*What you have to do*: Copy out all lines from the entries below in which "extension" occurs.

[Collection entries]
━━━━
(* Let $n \geq 5$ and fix $\tau \in [0, \cos(2\pi/5))$ with $\tau \notin \{\cos(2\pi(i-1)/n) : i = 1,\dots,n\}$. Let $X \in (\mathbb{S}^1)^n$ be the regular $n$-gon, $x_i = (\cos\theta_i, \sin\theta_i)$ with $\theta_i = 2\pi(i-1)/n$. There exists $\varepsilon_{n,\tau} > 0$ such that for all $\varepsilon \in (0, \varepsilon_{n,\tau}]$, $X$ is a critical point of $f(X) = \frac12 \sum_{i,j=1}^n \varphi_{\varepsilon,\tau}(x_i^\top x_j)$ (all weights equal to 1), and the Riemannian Hessian of $f$ at $X$ has one zero eigenvalue and its other $n-1$ eigenvalues are negative.
   Context: $(\mathbb{S}^1)^n$ is the set of $X\in\mathbb{R}^{2\times n}$ with unit-norm columns, a Riemannian submanifold with the Frobenius metric. $\varphi_{\varepsilon,\tau}(t) = \varepsilon\log(1 + e^{(t-\tau)/\varepsilon})$ for $\varepsilon>0$. *)

theory Defs
  imports "HOL-Analysis.Analysis"
begin

text \<open>A point of R^(2 x n) is represented as a function from column indices to R^2;
  only the columns 0..n-1 are meaningful (column k corresponds to the paper's x_(k+1)).\<close>
type_synonym cmat = "nat \<Rightarrow> real^2"

definition phi :: "real \<Rightarrow> real \<Rightarrow> real \<Rightarrow> real" where
  "phi eps tau t = eps * ln (1 + exp ((t - tau) / eps))"

definition fcost :: "nat \<Rightarrow> real \<Rightarrow> real \<Rightarrow> cmat \<Rightarrow> real" where
  "fcost n eps tau X = (1/2) * (\<Sum>i<n. \<Sum>j<n. phi eps tau (X i \<bullet> X j))"

definition frob :: "nat \<Rightarrow> cmat \<Rightarrow> cmat \<Rightarrow> real" where
  "frob n V W = (\<Sum>i<n. V i \<bullet> W i)"

definition on_torus :: "nat \<Rightarrow> cmat \<Rightarrow> bool" where
  "on_torus n X \<longleftrightarrow> (\<forall>i<n. norm (X i) = 1)"

definition tangent :: "nat \<Rightarrow> cmat \<Rightarrow> cmat \<Rightarrow> bool" where
  "tangent n X V \<longleftrightarrow> (\<forall>i<n. X i \<bullet> V i = 0) \<and> (\<forall>i\<ge>n. V i = 0)"

definition proj :: "nat \<Rightarrow> cmat \<Rightarrow> cmat \<Rightarrow> cmat" where
  "proj n X Z = (\<lambda>i. if i < n then Z i - (X i \<bullet> Z i) *\<^sub>R X i else 0)"

definition egrad :: "nat \<Rightarrow> (cmat \<Rightarrow> real) \<Rightarrow> cmat \<Rightarrow> cmat" where
  "egrad n F X = (\<lambda>i. if i < n then
       (\<chi> k. deriv (\<lambda>t. F (X(i := X i + t *\<^sub>R axis k 1))) 0) else 0)"

text \<open>Riemannian gradient for the Riemannian submanifold (S^1)^n of R^(2 x n)
  (Frobenius metric): projection of the Euclidean gradient. The same formula gives a smooth
  extension of the gradient field to all of R^(2 x n).\<close>
definition rgrad :: "nat \<Rightarrow> (cmat \<Rightarrow> real) \<Rightarrow> cmat \<Rightarrow> cmat" where
  "rgrad n F X = proj n X (egrad n F X)"

text \<open>Riemannian Hessian of a Riemannian submanifold: Hess f(X)[V] = Proj_X (D gbar(X)[V]),
  where gbar is the smooth extension of the Riemannian gradient field.\<close>
definition rhess :: "nat \<Rightarrow> (cmat \<Rightarrow> real) \<Rightarrow> cmat \<Rightarrow> cmat \<Rightarrow> cmat" where
  "rhess n F X V = proj n X
     (\<lambda>i. vector_derivative (\<lambda>t. rgrad n F (\<lambda>j. X j + t *\<^sub>R V j) i) (at 0))"

definition critical_point :: "nat \<Rightarrow> (cmat \<Rightarrow> real) \<Rightarrow> cmat \<Rightarrow> bool" where
  "critical_point n F X \<longleftrightarrow> on_torus n X \<and> (\<forall>i<n. rgrad n F X i = 0)"

text \<open>The eigenvalues (with multiplicity) of the self-adjoint operator Hess f(X) on the
  n-dimensional tangent space T_X are lam 0, ..., lam (n-1): there is an orthonormal basis
  w 0, ..., w (n-1) of T_X (n orthonormal tangent vectors) of eigenvectors.\<close>
definition hess_eigenvalues :: "nat \<Rightarrow> (cmat \<Rightarrow> real) \<Rightarrow> cmat \<Rightarrow> (nat \<Rightarrow> real) \<Rightarrow> bool" where
  "hess_eigenvalues n F X lam \<longleftrightarrow>
     (\<exists>w :: nat \<Rightarrow> cmat.
        (\<forall>k<n. tangent n X (w k)) \<and>
        (\<forall>k<n. \<forall>l<n. frob n (w k) (w l) = (if k = l then 1 else 0)) \<and>
        (\<forall>k<n. \<forall>i<n. rhess n F X (w k) i = lam k *\<^sub>R w k i))"

definition regular_ngon :: "nat \<Rightarrow> cmat" where
  "regular_ngon n = (\<lambda>k. vector [cos (2 * pi * real k / real n), sin (2 * pi * real k / real n)])"

end

theory Submission
  imports Defs "HOL-Real_Asymp.Real_Asymp"
begin

text \<open>At the regular polygon the Euclidean gradient of column \<open>i\<close> is
  \<open>\<Sum>\<^sub>l \<phi>'(cos(\<theta>\<^sub>l - \<theta>\<^sub>i)) x\<^sub>l\<close>, whose tangential part is a sum of an odd \<open>2\<pi>\<close>-periodic
  function over the \<open>n\<close>-th roots of unity and therefore vanishes. Writing tangent vectors as
  \<open>V\<^sub>l = a\<^sub>l x\<^sub>l\<^sup>\<bottom>\<close>, the Riemannian Hessian acts on the coefficients \<open>a\<close> as the symmetric
  circulant \<open>a\<^sub>i \<mapsto> \<Sum>\<^sub>l (a\<^sub>i - a\<^sub>l) w(\<theta>\<^sub>l - \<theta>\<^sub>i)\<close> with the even weight
  \<open>w(d) = \<phi>''(cos d) sin\<^sup>2 d - \<phi>'(cos d) cos d\<close>. The Hartley vectors \<open>cas(k\<theta>\<^sub>l)/\<surd>n\<close>
  (\<open>cas = cos + sin\<close>) form a real orthonormal eigenbasis of every such circulant, with eigenvalues
  \<open>\<mu>\<^sub>k = \<Sum>\<^sub>m w(\<theta>\<^sub>m) (1 - cos(k\<theta>\<^sub>m))\<close>; in particular \<open>\<mu>\<^sub>0 = 0\<close>.
  As \<open>\<epsilon> \<rightarrow> 0\<close>, \<open>\<phi>'\<close> tends to the indicator of \<open>(\<tau>, \<infinity>)\<close> and \<open>\<phi>''\<close> to \<open>0\<close> away from
  \<open>\<tau>\<close>, so \<open>w(\<theta>\<^sub>m) \<rightarrow> -cos \<theta>\<^sub>m [cos \<theta>\<^sub>m > \<tau>] \<le> 0\<close> because \<open>\<tau> \<ge> 0\<close>. The neighbour
  \<open>m = 1\<close> contributes strictly, since \<open>\<tau> < cos(2\<pi>/5) \<le> cos(2\<pi>/n)\<close>, so every \<open>\<mu>\<^sub>k\<close>
  with \<open>0 < k < n\<close> is eventually negative.\<close>

section \<open>Derivatives of the cost\<close>

definition phi' :: "real \<Rightarrow> real \<Rightarrow> real \<Rightarrow> real" where
  "phi' eps tau t = exp ((t - tau) / eps) / (1 + exp ((t - tau) / eps))"

definition phi'' :: "real \<Rightarrow> real \<Rightarrow> real \<Rightarrow> real" where
  "phi'' eps tau t = exp ((t - tau) / eps) / (eps * (1 + exp ((t - tau) / eps))\<^sup>2)"

lemma phi_has_real_derivative:
  assumes "eps > 0"
  shows "(phi eps tau has_real_derivative phi' eps tau t) (at t)"
proof -
  have "0 < 1 + exp ((t - tau) / eps)" by (simp add: add_pos_pos)
  then show ?thesis
    unfolding phi_def[abs_def] phi'_def using assms
    by (auto intro!: derivative_eq_intros simp: divide_simps)
qed

lemma phi'_has_real_derivative:
  assumes "eps > 0"
  shows "(phi' eps tau has_real_derivative phi'' eps tau t) (at t)"
proof -
  have "0 < 1 + exp ((t - tau) / eps)" by (simp add: add_pos_pos)
  then show ?thesis
    unfolding phi'_def[abs_def] phi''_def using assms
    by (auto intro!: derivative_eq_intros simp: field_simps power2_eq_square)
qed

lemma inner_line_has_real_derivative:
  "((\<lambda>t. (a + t *\<^sub>R b) \<bullet> (c + t *\<^sub>R d)) has_real_derivative b \<bullet> c + a \<bullet> d) (at 0)"
  for a b c d :: "'a::real_inner"
  unfolding has_field_derivative_def
  by (auto intro!: derivative_eq_intros simp: algebra_simps fun_eq_iff)

lemma fcost_line_has_real_derivative:
  assumes "eps > 0"
  shows "((\<lambda>t. fcost n eps tau (\<lambda>j. X j + t *\<^sub>R E j)) has_real_derivative
           (\<Sum>i<n. \<Sum>l<n. phi' eps tau (X i \<bullet> X l) * (E i \<bullet> X l))) (at 0)"
proof -
  have "((\<lambda>t. phi eps tau ((X i + t *\<^sub>R E i) \<bullet> (X l + t *\<^sub>R E l))) has_real_derivative
      phi' eps tau (X i \<bullet> X l) * (E i \<bullet> X l + X i \<bullet> E l)) (at 0)" for i l
    using DERIV_chain2[OF phi_has_real_derivative[OF assms] inner_line_has_real_derivative] by simp
  then have "((\<lambda>t. fcost n eps tau (\<lambda>j. X j + t *\<^sub>R E j)) has_real_derivative
      (1/2) * (\<Sum>i<n. \<Sum>l<n. phi' eps tau (X i \<bullet> X l) * (E i \<bullet> X l + X i \<bullet> E l))) (at 0)"
    unfolding fcost_def by (intro DERIV_cmult DERIV_sum)
  moreover have "(\<Sum>i<n. \<Sum>l<n. phi' eps tau (X i \<bullet> X l) * (X i \<bullet> E l))
      = (\<Sum>i<n. \<Sum>l<n. phi' eps tau (X i \<bullet> X l) * (E i \<bullet> X l))"
    by (subst sum.swap) (simp add: inner_commute)
  ultimately show ?thesis by (simp add: distrib_left sum.distrib)
qed

definition fcost_egrad :: "nat \<Rightarrow> real \<Rightarrow> real \<Rightarrow> cmat \<Rightarrow> nat \<Rightarrow> real^2" where
  "fcost_egrad n eps tau X i = (\<Sum>l<n. phi' eps tau (X i \<bullet> X l) *\<^sub>R X l)"

lemma egrad_fcost:
  assumes "eps > 0" and "i < n"
  shows "egrad n (fcost n eps tau) X i = fcost_egrad n eps tau X i"
proof -
  have "deriv (\<lambda>t. fcost n eps tau (X(i := X i + t *\<^sub>R axis k 1))) 0 = fcost_egrad n eps tau X i $ k"
    for k
  proof -
    let ?E = "\<lambda>j. if j = i then axis k 1 else 0"
    have "(\<lambda>t. X(i := X i + t *\<^sub>R axis k 1)) = (\<lambda>t j. X j + t *\<^sub>R ?E j)"
      by (auto simp: fun_eq_iff)
    then have "deriv (\<lambda>t. fcost n eps tau (X(i := X i + t *\<^sub>R axis k 1))) 0
        = (\<Sum>j<n. \<Sum>l<n. phi' eps tau (X j \<bullet> X l) * (?E j \<bullet> X l))"
      using DERIV_imp_deriv[OF fcost_line_has_real_derivative[OF assms(1)]] by metis
    also have "\<dots> = (\<Sum>l<n. phi' eps tau (X i \<bullet> X l) * (axis k 1 \<bullet> X l))"
      using assms(2)
      by (simp add: if_distrib if_distribR cong: if_cong) (subst sum.swap, simp add: sum.delta)
    finally show ?thesis by (simp add: fcost_egrad_def inner_axis')
  qed
  then show ?thesis using assms(2) by (simp add: egrad_def vec_eq_iff)
qed

lemma rgrad_fcost:
  assumes "eps > 0" and "i < n"
  shows "rgrad n (fcost n eps tau) X i
           = fcost_egrad n eps tau X i - (X i \<bullet> fcost_egrad n eps tau X i) *\<^sub>R X i"
  using egrad_fcost[OF assms] assms(2) by (simp add: rgrad_def proj_def)

definition fcost_egrad_deriv :: "nat \<Rightarrow> real \<Rightarrow> real \<Rightarrow> cmat \<Rightarrow> cmat \<Rightarrow> nat \<Rightarrow> real^2" where
  "fcost_egrad_deriv n eps tau X V i = (\<Sum>l<n. phi' eps tau (X i \<bullet> X l) *\<^sub>R V l
       + (phi'' eps tau (X i \<bullet> X l) * (V i \<bullet> X l + X i \<bullet> V l)) *\<^sub>R X l)"

lemma fcost_egrad_line_has_vector_derivative:
  assumes "eps > 0"
  shows "((\<lambda>t. fcost_egrad n eps tau (\<lambda>j. X j + t *\<^sub>R V j) i) has_vector_derivative
           fcost_egrad_deriv n eps tau X V i) (at 0)"
  unfolding fcost_egrad_def fcost_egrad_deriv_def
proof (rule has_vector_derivative_sum)
  fix l
  have "((\<lambda>t. phi' eps tau ((X i + t *\<^sub>R V i) \<bullet> (X l + t *\<^sub>R V l))) has_real_derivative
      phi'' eps tau (X i \<bullet> X l) * (V i \<bullet> X l + X i \<bullet> V l)) (at 0)"
    using DERIV_chain2[OF phi'_has_real_derivative[OF assms] inner_line_has_real_derivative] by simp
  then show "((\<lambda>t. phi' eps tau ((X i + t *\<^sub>R V i) \<bullet> (X l + t *\<^sub>R V l)) *\<^sub>R (X l + t *\<^sub>R V l))
      has_vector_derivative phi' eps tau (X i \<bullet> X l) *\<^sub>R V l
        + (phi'' eps tau (X i \<bullet> X l) * (V i \<bullet> X l + X i \<bullet> V l)) *\<^sub>R X l) (at 0)"
    by (auto intro!: derivative_eq_intros)
qed

lemma normal_component_line_has_vector_derivative:
  fixes x v :: "'a::real_inner"
  assumes "(G has_vector_derivative G') (at 0)"
  shows "((\<lambda>t. G t - ((x + t *\<^sub>R v) \<bullet> G t) *\<^sub>R (x + t *\<^sub>R v)) has_vector_derivative
           G' - (v \<bullet> G 0 + x \<bullet> G') *\<^sub>R x - (x \<bullet> G 0) *\<^sub>R v) (at 0)"
  using assms unfolding has_vector_derivative_def
  by (auto intro!: derivative_eq_intros simp: algebra_simps fun_eq_iff)

lemma rhess_fcost:
  assumes "eps > 0" and "i < n"
  shows "rhess n (fcost n eps tau) X V i =
    (let G = fcost_egrad n eps tau X i; G' = fcost_egrad_deriv n eps tau X V i;
         D = G' - (V i \<bullet> G + X i \<bullet> G') *\<^sub>R X i - (X i \<bullet> G) *\<^sub>R V i
     in D - (X i \<bullet> D) *\<^sub>R X i)"
proof -
  have "(\<lambda>t. rgrad n (fcost n eps tau) (\<lambda>j. X j + t *\<^sub>R V j) i) =
      (\<lambda>t. fcost_egrad n eps tau (\<lambda>j. X j + t *\<^sub>R V j) i
         - ((X i + t *\<^sub>R V i) \<bullet> fcost_egrad n eps tau (\<lambda>j. X j + t *\<^sub>R V j) i) *\<^sub>R (X i + t *\<^sub>R V i))"
    using rgrad_fcost[OF assms] by simp
  with normal_component_line_has_vector_derivative[OF fcost_egrad_line_has_vector_derivative[OF assms(1)]]
  have "vector_derivative (\<lambda>t. rgrad n (fcost n eps tau) (\<lambda>j. X j + t *\<^sub>R V j) i) (at 0)
      = fcost_egrad_deriv n eps tau X V i
        - (V i \<bullet> fcost_egrad n eps tau X i + X i \<bullet> fcost_egrad_deriv n eps tau X V i) *\<^sub>R X i
        - (X i \<bullet> fcost_egrad n eps tau X i) *\<^sub>R V i"
    by (simp add: vector_derivative_at)
  then show ?thesis using assms(2) by (simp add: rhess_def proj_def Let_def)
qed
━━━━
*Written answer*:
  extension of the gradient field to all of R^(2 x n).\<close>
  where gbar is the smooth extension of the Riemannian gradient field.\<close>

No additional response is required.